Drug interactions may change how your medications work or increase your risk for serious side effects. This document does not contain all possible drug interactions. Keep a list of all the products you use (including prescription/nonprescription drugs and herbal products) and share it with your doctor and pharmacist. Do not start, stop, or change the dosage of any medicines without your doctor's approval.
One product that may interact with this drug is: methotrexate.
Although most antibiotics are unlikely to affect hormonal birth control such as pills, patch, or ring, a few antibiotics (such as rifampin, rifabutin) can decrease their effectiveness. This could result in pregnancy. If you use hormonal birth control, ask your doctor or pharmacist for more details.
This medication may interfere with certain lab tests (including certain urine glucose tests), possibly causing false test results. Make sure lab personnel and all your doctors know you use this drug.
If someone has overdosed and has serious symptoms such as passing out or trouble breathing, call 911. Otherwise, call a poison control center right away. US residents can call their local poison control center at 1-800-222-1222. Canada residents can call a provincial poison control center. Symptoms of overdose may include: seizures.

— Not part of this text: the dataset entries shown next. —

section \<open>The isomorphism\<close>

locale GM_setting =
  fixes n :: nat and M :: "int^'m^'m" and \<alpha> :: real and a :: "real^'m"
    and b :: "nat \<Rightarrow> complex^'m" and R :: "nat \<Rightarrow> nat \<Rightarrow> complex"
  assumes dim: "CARD('m) = 2 * n + 1"
    and det_M: "det M = 1"
    and \<alpha>_pos: "\<alpha> > 0" and \<alpha>_ne_1: "\<alpha> \<noteq> 1"
    and a_nonzero: "a \<noteq> 0" and a_eigenvector: "real_mat M *v a = \<alpha> *\<^sub>R a"
    and b_in_W: "\<And>j. j < n \<Longrightarrow> b j \<in> W_space M"
    and b_independent: "\<And>c. (\<Sum>j<n. c j *s b j) = 0 \<Longrightarrow> \<forall>j<n. c j = 0"
    and b_spans_W: "\<And>v. v \<in> W_space M \<Longrightarrow> \<exists>c. v = (\<Sum>j<n. c j *s b j)"
    and R_matrix: "\<And>j. j < n \<Longrightarrow> cplx_mat M *v b j = (\<Sum>l<n. R l j *s b l)"
begin

definition a_cplx :: "complex^'m" where
  "a_cplx = (\<chi> i. complex_of_real (a $ i))"

definition basis_family :: "nat \<Rightarrow> complex^'m" where
  "basis_family i = (if i < n then b i else if i < 2 * n then vec_cnj (b (i - n)) else a_cplx)"

lemma a_cplx_gen_eig: "a_cplx \<in> gen_eig (cplx_mat M) (complex_of_real \<alpha>)"
proof -
  have "(cplx_mat M *v a_cplx) $ i = complex_of_real ((real_mat M *v a) $ i)" for i
    by (simp add: real_mat_def cplx_mat_def a_cplx_def matrix_vector_mult_def of_real_sum)
  then have "cplx_mat M *v a_cplx = complex_of_real \<alpha> *s a_cplx"
    using a_eigenvector by (simp add: vec_eq_iff a_cplx_def)
  then have "(mat_shift (cplx_mat M) (complex_of_real \<alpha>) ^^ 1) a_cplx = 0"
    by (simp add: mat_shift_def)
  then show ?thesis
    unfolding gen_eig_def by blast
qed

lemma basis_family_independent:
  assumes "(\<Sum>i<2 * n + 1. c i *s basis_family i) = 0"
  shows "\<forall>i<2 * n + 1. c i = 0"
proof -
  define x where "x = (\<Sum>j<n. c j *s b j)"
  define y where "y = (\<Sum>j<n. cnj (c (n + j)) *s b j)"
  have "(\<Sum>i<2 * n + 1. c i *s basis_family i) = c (2 * n) *s a_cplx + x + vec_cnj y"
    by (simp add: mult_2 sum_lessThan_add basis_family_def x_def y_def vec_cnj_sum vec_cnj_scale)
  then have sum0: "c (2 * n) *s a_cplx + x + vec_cnj y = 0"
    using assms by simp
  have "x \<in> W_space M" "y \<in> W_space M"
    unfolding x_def y_def W_space_eq using b_in_W
    by (auto simp: W_space_eq intro!: gen_eig_sum_sum gen_eig_sum_scale)
  then have "c (2 * n) *s a_cplx = 0 \<and> x = 0 \<and> y = 0"
    using sum0 unfolding W_space_eq
    by (intro real_gen_eig_direct_sum[where \<alpha> = "complex_of_real \<alpha>"])
      (simp_all add: cnj_cplx_mat gen_eig_scale a_cplx_gen_eig)
  moreover have "a_cplx \<noteq> 0"
    using a_nonzero by (simp add: a_cplx_def vec_eq_iff)
  ultimately have "c (2 * n) = 0" "\<forall>j<n. c j = 0" "\<forall>j<n. c (n + j) = 0"
    using b_independent[of c] b_independent[of "\<lambda>j. cnj (c (n + j))"]
    by (auto simp: x_def y_def)
  show ?thesis
  proof (intro allI impI)
    fix i
    assume "i < 2 * n + 1"
    then have "i < n \<or> (n \<le> i \<and> i < 2 * n) \<or> i = 2 * n"
      by linarith
    then show "c i = 0"
      using \<open>c (2 * n) = 0\<close> \<open>\<forall>j<n. c j = 0\<close> \<open>\<forall>j<n. c (n + j) = 0\<close>[rule_format, of "i - n"]
      by auto
  qed
qed

lemma int_pairing_a_b_eq_0_imp_zero:
  assumes "int_pairing v a = 0" and "\<And>j. j < n \<Longrightarrow> int_pairing v (b j) = 0"
  shows "v = 0"
proof (rule int_pairing_eq_0_imp_zero)
  show "vec.span (basis_family ` {..<2 * n + 1}) = UNIV"
    using dim basis_family_independent by (intro span_image_eq_UNIV) auto
  show "int_pairing v x = 0" if "x \<in> basis_family ` {..<2 * n + 1}" for x
    using that assms
    by (auto simp: basis_family_def int_pairing_vec_cnj a_cplx_def int_pairing_of_real)
qed

lemma exists_inverse_coefficients:
  obtains S where
    "\<And>k j. k < n \<Longrightarrow> j < n \<Longrightarrow> (\<Sum>l<n. S k l * R l j) = (if k = j then 1 else 0)"
    "\<And>k j. k < n \<Longrightarrow> j < n \<Longrightarrow> (\<Sum>l<n. R k l * S l j) = (if k = j then 1 else 0)"
proof -
  have "invertible (cplx_mat M)"
    using det_M by (simp add: invertible_det_nz det_cplx_mat)
  then obtain D where D: "cplx_mat M ** D = mat 1" "D ** cplx_mat M = mat 1"
    unfolding invertible_def by blast
  \<comment> \<open>The inverse of M commutes with M, so it preserves W, which the b j span.\<close>
  have "D *v b j \<in> W_space M" if "j < n" for j
    using b_in_W[OF that] D unfolding W_space_eq
    by (intro gen_eig_sum_invariant) simp_all
  then have "\<forall>j. \<exists>c. j < n \<longrightarrow> D *v b j = (\<Sum>l<n. c l *s b l)"
    using b_spans_W by blast
  then obtain c where c: "\<And>j. j < n \<Longrightarrow> D *v b j = (\<Sum>l<n. c j l *s b l)"
    by metis
  show ?thesis
  proof (rule that[of "\<lambda>l j. c j l"])
    show "(\<Sum>l<n. c l k * R l j) = (if k = j then 1 else 0)" if "k < n" "j < n" for k j
      using b_independent c R_matrix D(2) that by (rule coefficient_matrix_mult)
    show "(\<Sum>l<n. R k l * c j l) = (if k = j then 1 else 0)" if "k < n" "j < n" for k j
      using b_independent R_matrix c D(1) that by (rule coefficient_matrix_mult)
  qed
qed

lemma bij_g_zero_HC_domain: "bij_betw (g_zero n \<alpha> R) (HC_domain n) (HC_domain n)"
  using \<alpha>_pos by (rule exists_inverse_coefficients[OF bij_g_zero])

lemma g_zero_transl:
  assumes "p \<in> HC_domain n"
  shows "g_zero n \<alpha> R (transl n a b w p) = transl n a b (transpose M *v w) (g_zero n \<alpha> R p)"
proof -
  have "int_pairing (transpose M *v w) a = int_pairing w (real_mat M *v a)"
    unfolding real_mat_def by (rule int_pairing_transpose)
  also have "\<dots> = \<alpha> * int_pairing w a"
    using a_eigenvector by (simp add: int_pairing_def sum_distrib_left algebra_simps)
  finally have a: "int_pairing (transpose M *v w) a = \<alpha> * int_pairing w a" .
  have b: "int_pairing (transpose M *v w) (b j) = (\<Sum>l<n. R l j * int_pairing w (b l))"
    if "j < n" for j
  proof -
    have "int_pairing (transpose M *v w) (b j) = int_pairing w (cplx_mat M *v b j)"
      unfolding cplx_mat_def by (rule int_pairing_transpose)
    then show ?thesis
      using R_matrix[OF that] by (simp add: int_pairing_sum_right)
  qed
  from a b show ?thesis
    by (cases p) (auto simp: transl_def g_zero_def fun_eq_iff algebra_simps sum.distrib
        sum_distrib_left)
qed

definition transl_perm ::
    "int^'m \<Rightarrow> complex \<times> (nat \<Rightarrow> complex) \<Rightarrow> complex \<times> (nat \<Rightarrow> complex)" where
  "transl_perm v = restrict (transl n a b v) (HC_domain n)"

definition g0_perm :: "complex \<times> (nat \<Rightarrow> complex) \<Rightarrow> complex \<times> (nat \<Rightarrow> complex)" where
  "g0_perm = restrict (g_zero n \<alpha> R) (HC_domain n)"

Do not share this medication with others.
Lab and/or medical tests (such as complete blood count, kidney function tests, blood cultures) may be done if you are using this medication for a long time. Keep all medical and lab appointments.
For the best possible benefit, it is important to receive each scheduled dose of this medication as directed. If you miss a dose, contact your doctor or pharmacist right away to establish a new dosing schedule. Do not double the dose to catch up.
Store in the refrigerator or as directed by your pharmacist. Do not freeze. Keep all medications away from children and pets.
Do not flush medications down the toilet or pour them into a drain unless instructed to do so. Properly discard this product when it is expired or no longer needed. Consult your pharmacist or local waste disposal company.